Here’s the thing. This is NOT a big deal to most people on most days. Me… I was in pain. I was spending money on Ubers and I don’t have money to just flush down the toilet like that. I’ve tried to find a place with a pool for so long… The disappointment was high. The annoyance was high. It was more of a let down than it normally might be for some people.
Now, I’m downtown. And I’m feeling like I need to accomplish SOMETHING while I’m down there. I jump on Google maps and see that a half a block away, there’s a Noodle and Company. So I hobble around the corner to go grab lunch. I walk in, need a few mins to check the menu, the clerk at the counter doesn’t pressure me at all. She takes my order, looks me in the eyes, laughs when I randomly remember that “someone told me one time that I had to get the Snicker Doodle at Noodle”. She made a joke that she thought that was her saying. I laughed. She was just … kind to me. It wasn’t complicated… it wasn’t flirting … it wasn’t weird… it was just kindness. Ugh… the tears again.
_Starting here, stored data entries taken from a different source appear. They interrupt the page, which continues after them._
theorem corollary1p6:
  fixes \<theta> a b :: real
  assumes "\<theta> \<ge> 0" and "a \<ge> 0" and "b \<ge> 0" and "a * b < 1"
  defines "c \<equiv> b / (1 - a * b)"
  shows "(\<forall>\<phi>\<in>Aspace a. \<forall>f\<in>Aspace b. \<forall>z.
            (\<forall>k. summable (\<lambda>m. opterm \<theta> \<phi> f z k m)) \<and>
            summable (\<lambda>k. \<Sum>m. opterm \<theta> \<phi> f z k m))
       \<and> (\<forall>\<phi>\<in>Aspace a. \<forall>f\<in>Aspace b. opphi \<theta> \<phi> f \<in> Aspace c)
       \<and> (\<forall>\<phi>1\<in>Aspace a. \<forall>\<phi>2\<in>Aspace a. \<forall>f\<in>Aspace b. \<forall>\<alpha> \<beta> :: complex.
            opphi \<theta> (\<lambda>z. \<alpha> * \<phi>1 z + \<beta> * \<phi>2 z) f
              = (\<lambda>z. \<alpha> * opphi \<theta> \<phi>1 f z + \<beta> * opphi \<theta> \<phi>2 f z))
       \<and> (\<forall>\<phi>\<in>Aspace a. \<forall>f1\<in>Aspace b. \<forall>f2\<in>Aspace b. \<forall>\<alpha> \<beta> :: complex.
            opphi \<theta> \<phi> (\<lambda>z. \<alpha> * f1 z + \<beta> * f2 z)
              = (\<lambda>z. \<alpha> * opphi \<theta> \<phi> f1 z + \<beta> * opphi \<theta> \<phi> f2 z))
       \<and> continuous_map (prod_topology (Atop a) (Atop b)) (Atop c)
            (\<lambda>(\<phi>, f). opphi \<theta> \<phi> f)"
  unfolding c_def
proof (intro conjI ballI allI)
  fix \<phi> f z k
  assume "\<phi> \<in> Aspace a" "f \<in> Aspace b"
  then show "summable (\<lambda>m. opterm \<theta> \<phi> f z k m)" "summable (\<lambda>k. \<Sum>m. opterm \<theta> \<phi> f z k m)"
    and "opphi \<theta> \<phi> f \<in> Aspace (b / (1 - a * b))"
    by (simp_all add: opphi_summable_holomorphic[OF assms(1-4)] opphi_in_Aspace[OF assms(1-4)])
next
  fix \<phi>1 \<phi>2 f and \<alpha> \<beta> :: complex
  assume "\<phi>1 \<in> Aspace a" "\<phi>2 \<in> Aspace a" "f \<in> Aspace b"
  then show "opphi \<theta> (\<lambda>z. \<alpha> * \<phi>1 z + \<beta> * \<phi>2 z) f = (\<lambda>z. \<alpha> * opphi \<theta> \<phi>1 f z + \<beta> * opphi \<theta> \<phi>2 f z)"
    by (rule opphi_lincomb_left[OF assms(1-4)])
next
  fix \<phi> f1 f2 and \<alpha> \<beta> :: complex
  assume "\<phi> \<in> Aspace a" "f1 \<in> Aspace b" "f2 \<in> Aspace b"
  then show "opphi \<theta> \<phi> (\<lambda>z. \<alpha> * f1 z + \<beta> * f2 z) = (\<lambda>z. \<alpha> * opphi \<theta> \<phi> f1 z + \<beta> * opphi \<theta> \<phi> f2 z)"
    by (rule opphi_lincomb_right[OF assms(1-4)])
qed (rule continuous_map_opphi[OF assms(1-4)])

end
So I’m in this long ass weird season that’s lasted forever, it seems. I leave the house to go to church for Alpha, if I can. I leave my house to go to PT. And that’s pretty much it. So just popping into a fast casual spot for lunch barely happens… and then I get to go have lunch… and I’ve had a day… and I’m in pain and beat up… and that kindness just penetrated my soul. It did. I took my cookie and walked to the drink machine, and by the time I got there… tears were falling down my face, in public, and I just couldn’t help it. I just needed someone to be nice to me…. For no reason.
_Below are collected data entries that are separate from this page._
lemma riemann_sum_error:
  fixes phi Phi :: "real \<Rightarrow> real" and n :: nat and eps a b L :: real
  assumes n: "n > 0" and K: "{-((\<bar>eps\<bar>+1)/n) .. 1 + (\<bar>eps\<bar>+1)/n} \<subseteq> {a..b}"
    and dPhi: "\<And>x. x \<in> {a..b} \<Longrightarrow> (Phi has_real_derivative phi x) (at x within {a..b})"
    and lip: "\<And>x y. x \<in> {a..b} \<Longrightarrow> y \<in> {a..b} \<Longrightarrow> \<bar>phi x - phi y\<bar> \<le> L * \<bar>x - y\<bar>"
    and L0: "L \<ge> 0"
  shows "\<bar>(\<Sum>k<n. phi ((real k + eps) / n)) / n - (Phi 1 - Phi 0)\<bar> \<le> 2 * L * ((\<bar>eps\<bar>+1)/n)"
proof -
  define r where "r = (\<bar>eps\<bar>+1)/n"
  define c where "c = (\<lambda>k::nat. (real k + eps) / n)"
  have cellb: "\<bar>(Phi (real (Suc k) / n) - Phi (real k / n)) - phi (c k) / n\<bar> \<le> 2 * L * r / n"
    if k: "k < n" for k
  proof -
    let ?J = "{real k / n - r .. real k / n + r}"
    note cf = riemann_cell_facts[OF n k r_def]
    have JK: "?J \<subseteq> {a..b}" using cf(1) K r_def by blast
    have der: "((\<lambda>t. Phi t - phi (c k) * t) has_real_derivative (phi t - phi (c k))) (at t within ?J)"
      if "t \<in> ?J" for t
      using JK that by (auto intro!: derivative_eq_intros has_field_derivative_subset[OF dPhi])
    have bd: "\<bar>phi t - phi (c k)\<bar> \<le> 2 * L * r" if "t \<in> ?J" for t
    proof -
      have "\<bar>phi t - phi (c k)\<bar> \<le> L * \<bar>t - c k\<bar>" using lip JK that cf(4) c_def by blast
      also have "\<dots> \<le> L * (2 * r)" using that cf(4) c_def L0 by (intro mult_left_mono) auto
      finally show ?thesis by simp
    qed
    define y where "y = real (Suc k) / n"
    define x where "x = real k / n"
    have e: "y = x + 1 / n" using n unfolding x_def y_def by (simp add: field_simps)
    have "\<bar>(Phi y - phi (c k) * y) - (Phi x - phi (c k) * x)\<bar> \<le> 2 * L * r * \<bar>y - x\<bar>"
      unfolding x_def y_def by (rule abs_diff_le_by_deriv_bound[OF der bd cf(3) cf(2)])
    moreover have "(Phi y - phi (c k) * y) - (Phi x - phi (c k) * x) = (Phi y - Phi x) - phi (c k) / n"
      "\<bar>y - x\<bar> = 1 / n" by (simp_all add: e algebra_simps)
    ultimately show ?thesis unfolding x_def[symmetric] y_def[symmetric] by simp
  qed
  have "\<bar>Phi 1 - Phi 0 - (\<Sum>k<n. phi (c k) / n)\<bar> \<le> n * (2 * L * r / n)"
    by (rule telescoping_sum_error[OF n cellb])
  thus ?thesis unfolding r_def c_def using n by (simp add: abs_minus_commute sum_divide_distrib)
qed

text \<open>The node \<open>(k + eps) / n\<close> lies \<open>(eps - 1/2) / n\<close> to the right of the midpoint of its cell;
  the first-order effect of this shift is the \<open>phi'\<close>-term.\<close>
lemma riemann_sum_error_second_order:
  fixes phi phi' Phi :: "real \<Rightarrow> real" and n :: nat and eps a b L :: real
  assumes n: "n > 0" and K: "{-((\<bar>eps\<bar>+1)/n) .. 1 + (\<bar>eps\<bar>+1)/n} \<subseteq> {a..b}"
    and dPhi: "\<And>x. x \<in> {a..b} \<Longrightarrow> (Phi has_real_derivative phi x) (at x within {a..b})"
    and dphi: "\<And>x. x \<in> {a..b} \<Longrightarrow> (phi has_real_derivative phi' x) (at x within {a..b})"
    and lip: "\<And>x y. x \<in> {a..b} \<Longrightarrow> y \<in> {a..b} \<Longrightarrow> \<bar>phi' x - phi' y\<bar> \<le> L * \<bar>x - y\<bar>"
    and L0: "L \<ge> 0"
  shows "\<bar>(\<Sum>k<n. phi ((real k + eps) / n)) - n * (Phi 1 - Phi 0)
          - (eps - 1/2) * ((\<Sum>k<n. phi' ((real k + eps) / n)) / n)\<bar> \<le> 4 * L * ((\<bar>eps\<bar>+1)/n)^2 * n"
proof -
  define r where "r = (\<bar>eps\<bar>+1)/n"
  define c where "c = (\<lambda>k::nat. (real k + eps) / n)"
  have cellb: "\<bar>(Phi (real (Suc k) / n) - Phi (real k / n)) - phi (c k) / n - phi' (c k) * (1 - 2*eps) / (2 * n^2)\<bar> \<le> 4 * L * r^2 / n"
    if k: "k < n" for k
  proof -
    let ?J = "{real k / n - r .. real k / n + r}"
    note cf = riemann_cell_facts[OF n k r_def]
    have JK: "?J \<subseteq> {a..b}" using cf(1) K r_def by blast
    have ck: "c k \<in> {a..b}" using cf(4) JK c_def by blast
    have der: "((\<lambda>t. Phi t - phi (c k) * t - phi' (c k) * (t - c k)^2 / 2) has_real_derivative
         (phi t - phi (c k) - phi' (c k) * (t - c k))) (at t within ?J)"
      if "t \<in> ?J" for t
      using JK that by (auto intro!: derivative_eq_intros has_field_derivative_subset[OF dPhi] simp: field_simps)
    have bd: "\<bar>phi t - phi (c k) - phi' (c k) * (t - c k)\<bar> \<le> 4 * L * r^2" if "t \<in> ?J" for t
    proof -
      have tK: "t \<in> {a..b}" using JK that by blast
      have "\<bar>phi t - phi (c k) - phi' (c k) * (t - c k)\<bar> \<le> L * (t - c k)^2"
        by (rule taylor_remainder_le[OF dphi lip ck tK])
      also have "\<dots> \<le> L * (2 * r)^2"
      proof -
        have "\<bar>t - c k\<bar> \<le> 2 * r" using that cf(4) unfolding c_def by auto
        hence "\<bar>t - c k\<bar>^2 \<le> (2 * r)^2" by (intro power_mono) auto
        thus ?thesis using L0 by (intro mult_left_mono) auto
      qed
      finally show ?thesis by (simp add: power2_eq_square)
    qed
    define y where "y = real (Suc k) / n"
    define x where "x = real k / n"
    have e: "y = x + 1 / n" using n unfolding x_def y_def by (simp add: field_simps)
    have "\<bar>(Phi y - phi (c k) * y - phi' (c k) * (y - c k)^2 / 2)
          - (Phi x - phi (c k) * x - phi' (c k) * (x - c k)^2 / 2)\<bar>
       \<le> 4 * L * r^2 * \<bar>y - x\<bar>"
      unfolding x_def y_def by (rule abs_diff_le_by_deriv_bound[OF der bd cf(3) cf(2)])
    moreover have "(y - c k)^2 / 2 - (x - c k)^2 / 2 = (1 - 2*eps) / (2 * n^2)"
      using n unfolding c_def e x_def by (simp add: field_simps power2_eq_square)
    moreover have "(Phi y - phi (c k) * y - phi' (c k) * (y - c k)^2 / 2)
          - (Phi x - phi (c k) * x - phi' (c k) * (x - c k)^2 / 2)
        = (Phi y - Phi x) - phi (c k) / n - phi' (c k) * ((y - c k)^2 / 2 - (x - c k)^2 / 2)"
      "\<bar>y - x\<bar> = 1 / n" by (simp_all add: e algebra_simps)
    ultimately show ?thesis unfolding x_def[symmetric] y_def[symmetric] by simp
  qed
  define Y where "Y = Phi 1 - Phi 0 - ((\<Sum>k<n. phi (c k)) / n + (1 - 2*eps) / (2 * n^2) * (\<Sum>k<n. phi' (c k)))"
  have "(\<Sum>k<n. phi (c k) / n + phi' (c k) * (1 - 2*eps) / (2 * n^2))
      = (\<Sum>k<n. phi (c k)) / n + (1 - 2*eps) / (2 * n^2) * (\<Sum>k<n. phi' (c k))"
    by (simp add: sum.distrib sum_divide_distrib sum_distrib_left algebra_simps)
  moreover have "\<bar>Phi 1 - Phi 0 - (\<Sum>k<n. phi (c k) / n + phi' (c k) * (1 - 2*eps) / (2 * n^2))\<bar>
      \<le> n * (4 * L * r^2 / n)"
    by (rule telescoping_sum_error[OF n]) (use cellb in \<open>simp add: algebra_simps\<close>)
  ultimately have "\<bar>Y\<bar> \<le> 4 * L * r^2" unfolding Y_def using n by simp
  have "(\<Sum>k<n. phi (c k)) - n * (Phi 1 - Phi 0) - (eps - 1/2) * ((\<Sum>k<n. phi' (c k)) / n) = - n * Y"
    unfolding Y_def using n by (simp add: field_simps power2_eq_square)
  hence "\<bar>(\<Sum>k<n. phi (c k)) - n * (Phi 1 - Phi 0) - (eps - 1/2) * ((\<Sum>k<n. phi' (c k)) / n)\<bar> = n * \<bar>Y\<bar>"
    by (simp add: abs_mult)
  also have "\<dots> \<le> n * (4 * L * r^2)" using \<open>\<bar>Y\<bar> \<le> 4 * L * r^2\<close> by (intro mult_left_mono) auto
  finally show ?thesis unfolding r_def c_def by (simp add: algebra_simps)
qed

lemma sum_le_of_contracting_recurrence:
  fixes E R :: "nat \<Rightarrow> real"
  assumes rec: "\<And>k. k < m \<Longrightarrow> E (Suc k) \<le> c * E k + R k"
    and E0: "\<And>k. E k \<ge> 0" and c: "0 \<le> c" "c < 1"
  shows "(\<Sum>k<Suc m. E k) \<le> (E 0 + (\<Sum>k<m. R k)) / (1 - c)"
proof -
  have "(\<Sum>k<Suc m. E k) = E 0 + (\<Sum>k<m. E (Suc k))" by (rule sum.lessThan_Suc_shift)
  also have "\<dots> \<le> E 0 + (\<Sum>k<m. c * E k + R k)" using rec by (intro add_left_mono sum_mono) auto
  also have "\<dots> = E 0 + c * (\<Sum>k<m. E k) + (\<Sum>k<m. R k)" by (simp add: sum.distrib sum_distrib_left)
  also have "\<dots> \<le> E 0 + c * (\<Sum>k<Suc m. E k) + (\<Sum>k<m. R k)"
    using c E0 by (intro add_mono mult_left_mono) auto
  finally show ?thesis using c by (simp add: field_simps)
qed

text \<open>With \<open>d = \<Lambda> + 1/\<Lambda>\<close> and \<open>\<theta> = \<Lambda>\<^sup>-\<^sup>2\<close>, the recursion \<open>u 0 = d\<close>, \<open>u (k + 1) = d - 1 / u k\<close> is solved
  exactly by \<open>u k = \<Lambda> * (1 + boundary_layer \<theta> k)\<close>.\<close>
definition boundary_layer :: "real \<Rightarrow> nat \<Rightarrow> real" where
  "boundary_layer \<theta> k = \<theta> ^ (Suc k) * (1 - \<theta>) / (1 - \<theta> ^ Suc k)"

lemma boundary_layer_nonneg: "0 < \<theta> \<Longrightarrow> \<theta> < 1 \<Longrightarrow> boundary_layer \<theta> k \<ge> 0"
  unfolding boundary_layer_def using power_Suc_less_one[of \<theta> k] by simp

lemma boundary_layer_le: assumes "0 < \<theta>" "\<theta> < 1" shows "boundary_layer \<theta> k \<le> \<theta> ^ Suc k"
proof -
  have "\<theta> ^ Suc k \<le> \<theta>" using assms by (simp add: power_le_one mult_left_le)
  hence "(1 - \<theta>) / (1 - \<theta> ^ Suc k) \<le> 1" using power_Suc_less_one[OF assms, of k] by simp
  thus ?thesis unfolding boundary_layer_def using assms
    by (metis mult_left_le times_divide_eq_right zero_less_power less_eq_real_def)
qed

lemma inverse_one_plus_boundary_layer: assumes "0 < \<theta>" "\<theta> < 1"
  shows "1 / (1 + boundary_layer \<theta> k) = 1 - boundary_layer \<theta> (Suc k) / \<theta>"
proof -
  have a: "1 - \<theta> ^ Suc k > 0" "1 - \<theta> ^ Suc (Suc k) > 0" using power_Suc_less_one[OF assms, of k] power_Suc_less_one[OF assms, of "Suc k"] by auto
  have e: "1 + boundary_layer \<theta> k = (1 - \<theta> ^ Suc (Suc k)) / (1 - \<theta> ^ Suc k)"
    unfolding boundary_layer_def using a by (simp add: field_simps)
  show ?thesis unfolding e boundary_layer_def using a assms by (simp add: field_simps)
qed

lemma prod_one_plus_boundary_layer: assumes "0 < \<theta>" "\<theta> < 1"
  shows "(\<Prod>k<n. 1 + boundary_layer \<theta> k) = (1 - \<theta> ^ Suc n) / (1 - \<theta>)"
proof (induction n)
  case 0 thus ?case using assms by simp
next
  case (Suc n)
  have a: "1 - \<theta> ^ Suc n > 0" using power_Suc_less_one[OF assms] by auto
  have e: "1 + boundary_layer \<theta> n = (1 - \<theta> ^ Suc (Suc n)) / (1 - \<theta> ^ Suc n)"
    unfolding boundary_layer_def using a by (simp add: field_simps)
  have "1 - \<theta> ^ Suc (Suc n) > 0" using power_Suc_less_one[OF assms, of "Suc n"] by auto
  thus ?case using Suc a assms by (simp add: e)
qed

lemma sum_Suc_mult_power_le: assumes "0 \<le> (\<theta>::real)" "\<theta> < 1"
  shows "(\<Sum>k<n. (real k + 1) * \<theta> ^ k) \<le> 1 / (1 - \<theta>)^2"
proof -
  have cf0: "(1 - \<theta>)^2 * (\<Sum>k<n. (real k + 1) * \<theta> ^ k) = 1 - (real n + 1) * \<theta>^n + real n * \<theta>^(Suc n)" for n
  proof (induction n)
    case 0 thus ?case by simp
  next
    case (Suc n)
    have "(1 - \<theta>)^2 * (\<Sum>k<Suc n. (real k + 1) * \<theta> ^ k)
        = (1 - \<theta>)^2 * (\<Sum>k<n. (real k + 1) * \<theta> ^ k) + (1 - \<theta>)^2 * ((real n + 1) * \<theta> ^ n)"
      by (simp add: distrib_left)
    also have "\<dots> = 1 - (real n + 1) * \<theta>^n + real n * \<theta>^(Suc n) + (1 - \<theta>)^2 * ((real n + 1) * \<theta> ^ n)"
      using Suc.IH by simp
    also have "\<dots> = 1 - (real (Suc n) + 1) * \<theta>^(Suc n) + real (Suc n) * \<theta>^(Suc (Suc n))"
      by (simp add: algebra_simps power2_eq_square)
    finally show ?case .
  qed
  have nz: "(1 - \<theta>)^2 > 0" using assms by simp
  have cf: "(\<Sum>k<n. (real k + 1) * \<theta> ^ k) = (1 - (real n + 1) * \<theta>^n + real n * \<theta>^(Suc n)) / (1 - \<theta>)^2"
    using cf0[of n] nz by (simp add: field_simps)
  have "(real n + 1) * \<theta>^n - real n * \<theta>^(Suc n) = \<theta>^n * (1 + real n * (1 - \<theta>))" by (simp add: algebra_simps)
  also have "\<dots> \<ge> 0" using assms by simp
  finally show ?thesis unfolding cf using assms by (intro divide_right_mono) auto
qed

lemma add_inverse_mono: assumes "1 \<le> m" "m \<le> (t::real)" shows "m + 1/m \<le> t + 1/t"
proof -
  have "1 * 1 \<le> t * m" using assms by (intro mult_mono) auto
  hence "0 \<le> (t - m) * (t * m - 1)" using assms by (intro mult_nonneg_nonneg) auto
  hence "0 \<le> ((t - m) * (t * m - 1)) / (t * m)" using assms by simp
  moreover have "((t - m) * (t * m - 1)) / (t * m) = (t + 1/t) - (m + 1/m)" using assms
    by (simp add: field_simps)
  ultimately show ?thesis by simp
qed

lemma abs_ln_diff_le: assumes "1 \<le> (x::real)" "1 \<le> y" shows "\<bar>ln x - ln y\<bar> \<le> \<bar>x - y\<bar>"
proof -
  have *: "ln u - ln v \<le> u - v" if "1 \<le> v" "v \<le> u" for u v :: real
  proof -
    have "ln u - ln v = ln (u / v)" using that by (simp add: ln_div)
    also have "\<dots> \<le> u / v - 1" using that by (intro ln_le_minus_one) auto
    also have "\<dots> = (u - v) / v" using that by (simp add: field_simps)
    also have "\<dots> \<le> u - v" using that by (simp add: divide_le_eq mult_le_cancel_left1)
    finally show ?thesis .
  qed
  show ?thesis
  proof (cases "y \<le> x")
    case True
    have "ln y \<le> ln x" using True assms by simp
    thus ?thesis using *[OF assms(2) True] True by simp
  next
    case False
    have "ln x \<le> ln y" using False assms by simp
    thus ?thesis using *[OF assms(1), of y] False by simp
  qed
qed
I didn’t even realize how much I was carrying today. I been trying my hardest to put it down as fast as it piles up, but sometimes, you don’t realize how tired you are. Or how close to the edge you might have wandered. Random kindness can be the thing that provides the guardrail for someone’s soul. It felt like that for me today. It helped me to actually stop and reflect and see where I was. Of course, weeping into my Diet Coke was not normal… so I definitely did a check in on how Joel was. Joel wasn’t ok. Joel is tired. And tired of pain. And just wants some things to feel like they are going right… instead of feeling like a constantly evolving struggle season.
But while I practice getting better at laying all my stuff at the foot of the Cross… I wanted to pop in here and tell you to BE KIND. Proverbs 16:24 (NIRV) says, “Kind words are like honey. They are sweet to the spirit and bring healing to the body.” It’s true. It’s so true. I needed to feel seen and needed to feel like I wasn’t a bother or an inconvenience. That’s how it helped me today?
The truth is… the girl was just doing her job and she seems like she’s just nice to everyone. She has made a decision to just be KIND. Even though I probably saw her yawn 5/6 times after I sat down and got my food. She was tired. Maybe bored. But she was still kind. I think it kinda reminded me that you don’t even have to be in the best mood yourself, to be kind. I think it’s checking out at target and being in a hurry to get home after work and seeing the cashier and looking them in the eyes and asking “How’s YOUR day going today?” It takes no time. It takes little effort. Inconveniences you minimally. Matter of fact, maybe she doesn’t charge you for the bags.
My point in saying all this… it’s true… you never really know what someone’s got going on. Being kind to someone might mean more than you’ll ever know.
Be kind. Someone out there needs it from You.